Divide $$2x^5+2x^4-53x^3-57x+54$$ by $2x^2+2x-55$ to express

$$2x^5+2x^4-53x^3-57x+54=q(x)\cdot(2x^2+2x-5)+r(x)$$ where $q(x)$ is the quotient and $r(x)$ is the remainder.

$\implies2x^5+2x^4-53x^3-57x+54=r(x)$ as $2x^2+2x-5=0$

Here $r(x)=-1$

Solution 2:

What I did was equivalent to division, or to your second solution, but went as follows.

First I got to $2x^2+2x=55$ and multiplied this by $x^3$ so that $2x^5+2x^4=55x^3$

Now I substituted this into: $$p(x)=2x^5+2x^4-53x^3-57x+55=55x^3-53x^3-57x+54=2x^3-57x+54$$

Next I used $55x=2x^3+2x^2$ to give $$p(x)=2x^3-55x-2x+54=2x^3-2x^3-2x^2-2x+54=-2x^2-2x+54=-55+54=-1$$


I find it is sometimes handy to remember that if I am working with an $x$ such that $p(x)=q(x)$, I can substitute $p(x)$ and $q(x)$ in any expression involving $x$. Formally this works the same as polynomial division by $p(x)-q(x)$. However it is sometimes more flexible and easier to apply.

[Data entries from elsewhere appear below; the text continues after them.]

theorem theorem1p7:
  fixes q :: nat
    and Gamma :: "'a::{field,finite} set"
  defines "Gamma \<equiv> {x::'a. x ^ (q ^ 2) + x ^ q + x = 0}"
  assumes "primepow q"
    and "card (UNIV :: 'a set) = q ^ 3"
  shows "bij_betw (\<lambda>x::'a. x ^ (3 * q) - x ^ 3)
           Gamma Gamma
         \<longleftrightarrow> q mod 3 = 2"
proof -
  interpret cubic_extension q "TYPE('a)"
    by unfold_locales (use assms in simp_all)
  have Gamma: "Gamma = {x. trace x = 0}"
    unfolding Gamma_def trace_def ..
  let ?f = "\<lambda>x::'a. x ^ (3 * q) - x ^ 3"
  have "?f ` Gamma \<subseteq> Gamma"
    using trace_frob_cube_diff by (auto simp: Gamma)
  then have "bij_betw ?f Gamma Gamma \<longleftrightarrow> inj_on ?f Gamma"
    unfolding bij_betw_def using endo_inj_surj[of Gamma ?f] by auto
  also have "\<dots> \<longleftrightarrow> q mod 3 = 2"
  proof -
    have "q mod 3 < 3"
      by simp
    then consider "q mod 3 = 0" | "q mod 3 = 1" | "q mod 3 = 2"
      by linarith
    then show ?thesis
      unfolding Gamma
      by cases (use inj_on_trace_kernel not_inj_on_trace_kernel_if_3_dvd
          not_inj_on_trace_kernel_if_mod_3_eq_1 in \<open>auto simp: dvd_eq_mod_eq_0\<close>)
  qed
  finally show ?thesis .
qed

end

It can turn out to require more lengthy calculations than a more regular method, but it has the advantage of keeping the expressions simple at each stage. If I can't see how to make more progress, I can always resort to division, but I can start with any simpler expression I've derived.